The records section start
theorem theorem3p2:
  fixes d :: nat and n r :: "nat \<Rightarrow> nat" and X :: "nat list \<Rightarrow> complex"
    and \<epsilon> :: real and U V :: "nat \<Rightarrow> complex mat"
  assumes "d \<ge> 2"
    and "0 < \<epsilon>" and "\<epsilon> < 1"
    and "r 0 = 1" and "r d = 1"
    and "\<And>j. 1 \<le> j \<Longrightarrow> j \<le> d - 1 \<Longrightarrow> U j \<in> carrier_mat (pdim n j) (r j)"
    and "\<And>j. 1 \<le> j \<Longrightarrow> j \<le> d - 1 \<Longrightarrow> mat_adjoint (U j) * U j = 1\<^sub>m (r j)"
    and "\<And>j. 1 \<le> j \<Longrightarrow> j \<le> d - 1 \<Longrightarrow> V j \<in> carrier_mat (qdim n d j) (r j)"
    and "\<And>j. 1 \<le> j \<Longrightarrow> j \<le> d - 1 \<Longrightarrow>
           mfrob (tunfold n d X j - U j * mat_adjoint (V j)) \<le> \<epsilon> / sqrt (real (d - 1)) * tfrob n d X"
  shows "tfrob n d (\<lambda>ix. X ix - tt_tensor (tt_cores n d r U V) r d ix) \<le> \<epsilon> * tfrob n d X"
proof -
  interpret tt_svd n d r U V
    using assms(1,4,5,6,8) by unfold_locales auto
  define \<delta> where "\<delta> = \<epsilon> / sqrt (real (d - 1)) * tfrob n d X"
  have unfolding_err: "frob_sq (tunfold n d X k - U k * mat_adjoint (V k)) \<le> \<delta>\<^sup>2"
    if "1 \<le> k" "k \<le> d - 1" for k
    using assms(9)[OF that] unfolding mfrob_eq_sqrt_frob_sq \<delta>_def by (rule sqrt_le_D)
  have "tt_err X 1 \<le> real (Suc (d - 1 - 1)) * \<delta>\<^sup>2"
  proof (rule backward_recurrence_le)
    show "tt_err X (d - 1) \<le> \<delta>\<^sup>2"
      using unfolding_err[of "d - 1"] tt_err_last[of X] assms(1) by simp
    show "tt_err X k \<le> \<delta>\<^sup>2 + tt_err X (Suc k)" if "1 \<le> k" "k < d - 1" for k
      using tt_err_le_Suc[of k X] unfolding_err[of k] assms(7)[of k] that by force
  qed (use assms(1) in simp)
  also have "real (Suc (d - 1 - 1)) * \<delta>\<^sup>2 = (\<epsilon> * tfrob n d X)\<^sup>2"
    using assms(1) by (simp add: \<delta>_def power_mult_distrib power_divide)
  finally have "tt_err X 1 \<le> (\<epsilon> * tfrob n d X)\<^sup>2" .
  moreover have "0 \<le> \<epsilon> * tfrob n d X"
    using assms(2) unfolding tfrob_def by (simp add: sum_nonneg)
  ultimately show ?thesis
    by (simp add: tfrob_tt_residual real_le_lsqrt)
qed

end
(* Let $C$ be an ordered field. The theory $T_{\mathrm{Ham}}$ of independent dense Hamel spaces over $C$ is not strongly dependent. Consequently it is not dp-minimal and does not have finite dp-rank.
   Context: Let $C$ be an ordered field. A $2$-ordered $C$-vector space is a $C$-vector space $G$ with two total orderings $<_0,<_1$ such that $G$ is an ordered $C$-vector space with respect to each of them. Put $G_\infty=G\cup\{\infty\}$, with $G<_0\infty$ and $G<_1\infty$. A Hamel valuation on $G$ is a map $v:G\to G_\infty$ such that for all $x,y\in G$ and $\lambda\in C^{\times}$: $v(x)=\infty$ iff $x=0$; $v(x+y)\ge_0\min_0(v(x),v(y))$; $v(\lambda x)=v(x)$; if $0<_1x<_1y$ then $v(x)\ge_0 v(y)$; $v(v(x))=v(x)$ (with $v(\infty)=\infty$); and $v(x)>_1 0$. A Hamel space over $C$ is such a pair $(G,v)$. It is independent if for all $a_0,b_0,a_1,b_1\in G\cup\{\pm\infty\}$ with $a_0<_0b_0$ and $a_1<_1b_1$ there is $z\in G$ with $a_0<_0z<_0b_0$ and $a_1<_1z<_1b_1$; it is dense if for all $a<_0b$ in $G$ there is $c\in G$ with $a<_0v(c)<_0b$. The language is $\mathcal{L}_{\mathrm{Ham}}=\{0,+,(\lambda_c)_{c\in C},<_0,<_1,v,\infty\}$, a Hamel space being viewed as a structure with universe $G_\infty$, where $\lambda_c$ is scalar multiplication by $c$, and $g+\infty=\infty+g=\infty+\infty=\lambda_c(\infty)=v(\infty)=\infty$. $T_{\mathrm{Ham}}$ is the $\mathcal{L}_{\mathrm{Ham}}$-theory whose models are exactly the independent dense Hamel spaces over $C$ (it is complete). Strongly dependent, dp-minimal and finite dp-rank are the standard notions for NIP theories. *)

theory Defs
  imports Main
begin
lemma entropy_cond_mass_window_le:
  fixes q :: "nat \<Rightarrow> real" and b \<epsilon> t :: real
  assumes "1 < b" and sub: "\<And>F. finite F \<Longrightarrow> sum q F \<le> 1"
    and "0 < \<epsilon>" "\<epsilon> \<le> 1" "0 \<le> t" "t \<le> \<epsilon>/4"
    and close: "\<And>x. x < window \<epsilon> \<Longrightarrow> \<bar>q x - pmf \<mu> x\<bar> \<le> t"
    and window_error: "real (window \<epsilon>) * t * (ln (2/\<epsilon>) + 1) \<le> \<epsilon>/4"
    and small: "(1 + light_const) * \<epsilon> \<le> 1/2"
    and atoms: "\<And>x. real x < N \<Longrightarrow> 0 < pmf \<mu> x \<Longrightarrow> 2 * \<epsilon> \<le> pmf \<mu> x"
  shows "ln b * \<bar>entropy_pmf b (pmf \<mu>) - entropy_pmf b (cond_mass q \<epsilon>)\<bar>
           \<le> entropy_const * \<epsilon> * (1 - ln \<epsilon>)"
proof -
  define Hs where "Hs = infsum (\<lambda>x. \<bar>pmf \<mu> x * ln (pmf \<mu> x)\<bar>) UNIV"
  define P where "P = measure_pmf.prob \<mu> (light_points \<mu> (window \<epsilon>) \<epsilon>)"
  define R where "R = infsum (\<lambda>x. \<bar>pmf \<mu> x * ln (pmf \<mu> x)\<bar>) (light_points \<mu> (window \<epsilon>) \<epsilon>)"
  have P: "P \<le> light_const * \<epsilon>" unfolding P_def using prob_light_points_le[OF \<open>0 < \<epsilon>\<close> \<open>\<epsilon> \<le> 1\<close> atoms] .
  have R: "R \<le> light_const * \<epsilon> * (1 - ln \<epsilon>)"
    unfolding R_def using xlnx_light_points_le[OF \<open>0 < \<epsilon>\<close> \<open>\<epsilon> \<le> 1\<close> atoms] .
  have Hs: "0 \<le> Hs" unfolding Hs_def by (rule infsum_nonneg) simp
  have L: "1 \<le> 1 - ln \<epsilon>" using \<open>0 < \<epsilon>\<close> \<open>\<epsilon> \<le> 1\<close> by simp
  have "ln b * \<bar>entropy_pmf b (pmf \<mu>) - entropy_pmf b (cond_mass q \<epsilon>)\<bar> \<le> \<epsilon> + 2 * (\<epsilon> + P) * (Hs + 2) + R"
    unfolding P_def R_def Hs_def
  proof (rule entropy_cond_mass_perturbation[OF \<open>1 < b\<close> xlnx_pmf_summable sub])
    show "measure_pmf.prob \<mu> {window \<epsilon>..} \<le> \<epsilon>/2" using prob_beyond_window assms by blast
    show "\<epsilon> + measure_pmf.prob \<mu> (light_points \<mu> (window \<epsilon>) \<epsilon>) \<le> 1/2"
      using P small unfolding P_def by (simp add: algebra_simps)
  qed (use assms in auto)
  also have "\<dots> \<le> \<epsilon> + 2 * ((1 + light_const) * \<epsilon>) * (Hs + 2) + light_const * \<epsilon> * (1 - ln \<epsilon>)"
    using P R Hs \<open>0 < \<epsilon>\<close> by (intro add_mono mult_right_mono order_refl) (auto simp: algebra_simps)
  also have "\<dots> \<le> entropy_const * \<epsilon> * (1 - ln \<epsilon>)"
  proof -
    have "0 \<le> (1 + 2 * (1 + light_const) * (Hs + 2)) * \<epsilon>"
      using Hs light_const_nonneg \<open>0 < \<epsilon>\<close> by simp
    then have "(1 + 2 * (1 + light_const) * (Hs + 2)) * \<epsilon> \<le> (1 + 2 * (1 + light_const) * (Hs + 2)) * \<epsilon> * (1 - ln \<epsilon>)"
      using L by (simp add: mult_le_cancel_left1 not_less)
    then show ?thesis by (simp add: entropy_const_def Hs_def algebra_simps)
  qed
  finally show ?thesis .
qed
The records section end
#### What the task requires
Only the lines above from the one with "n d (\<lambda>ix." through the one with "1)) * \<delta>\<^sup>2 = (\<epsilon>" should be duplicated, character for character.

#### Reply
  shows "tfrob n d (\<lambda>ix. X ix - tt_tensor (tt_cores n d r U V) r d ix) \<le> \<epsilon> * tfrob n d X"
proof -
  interpret tt_svd n d r U V
    using assms(1,4,5,6,8) by unfold_locales auto
  define \<delta> where "\<delta> = \<epsilon> / sqrt (real (d - 1)) * tfrob n d X"
  have unfolding_err: "frob_sq (tunfold n d X k - U k * mat_adjoint (V k)) \<le> \<delta>\<^sup>2"
    if "1 \<le> k" "k \<le> d - 1" for k
    using assms(9)[OF that] unfolding mfrob_eq_sqrt_frob_sq \<delta>_def by (rule sqrt_le_D)
  have "tt_err X 1 \<le> real (Suc (d - 1 - 1)) * \<delta>\<^sup>2"
  proof (rule backward_recurrence_le)
    show "tt_err X (d - 1) \<le> \<delta>\<^sup>2"
      using unfolding_err[of "d - 1"] tt_err_last[of X] assms(1) by simp
    show "tt_err X k \<le> \<delta>\<^sup>2 + tt_err X (Suc k)" if "1 \<le> k" "k < d - 1" for k
      using tt_err_le_Suc[of k X] unfolding_err[of k] assms(7)[of k] that by force
  qed (use assms(1) in simp)
  also have "real (Suc (d - 1 - 1)) * \<delta>\<^sup>2 = (\<epsilon> * tfrob n d X)\<^sup>2"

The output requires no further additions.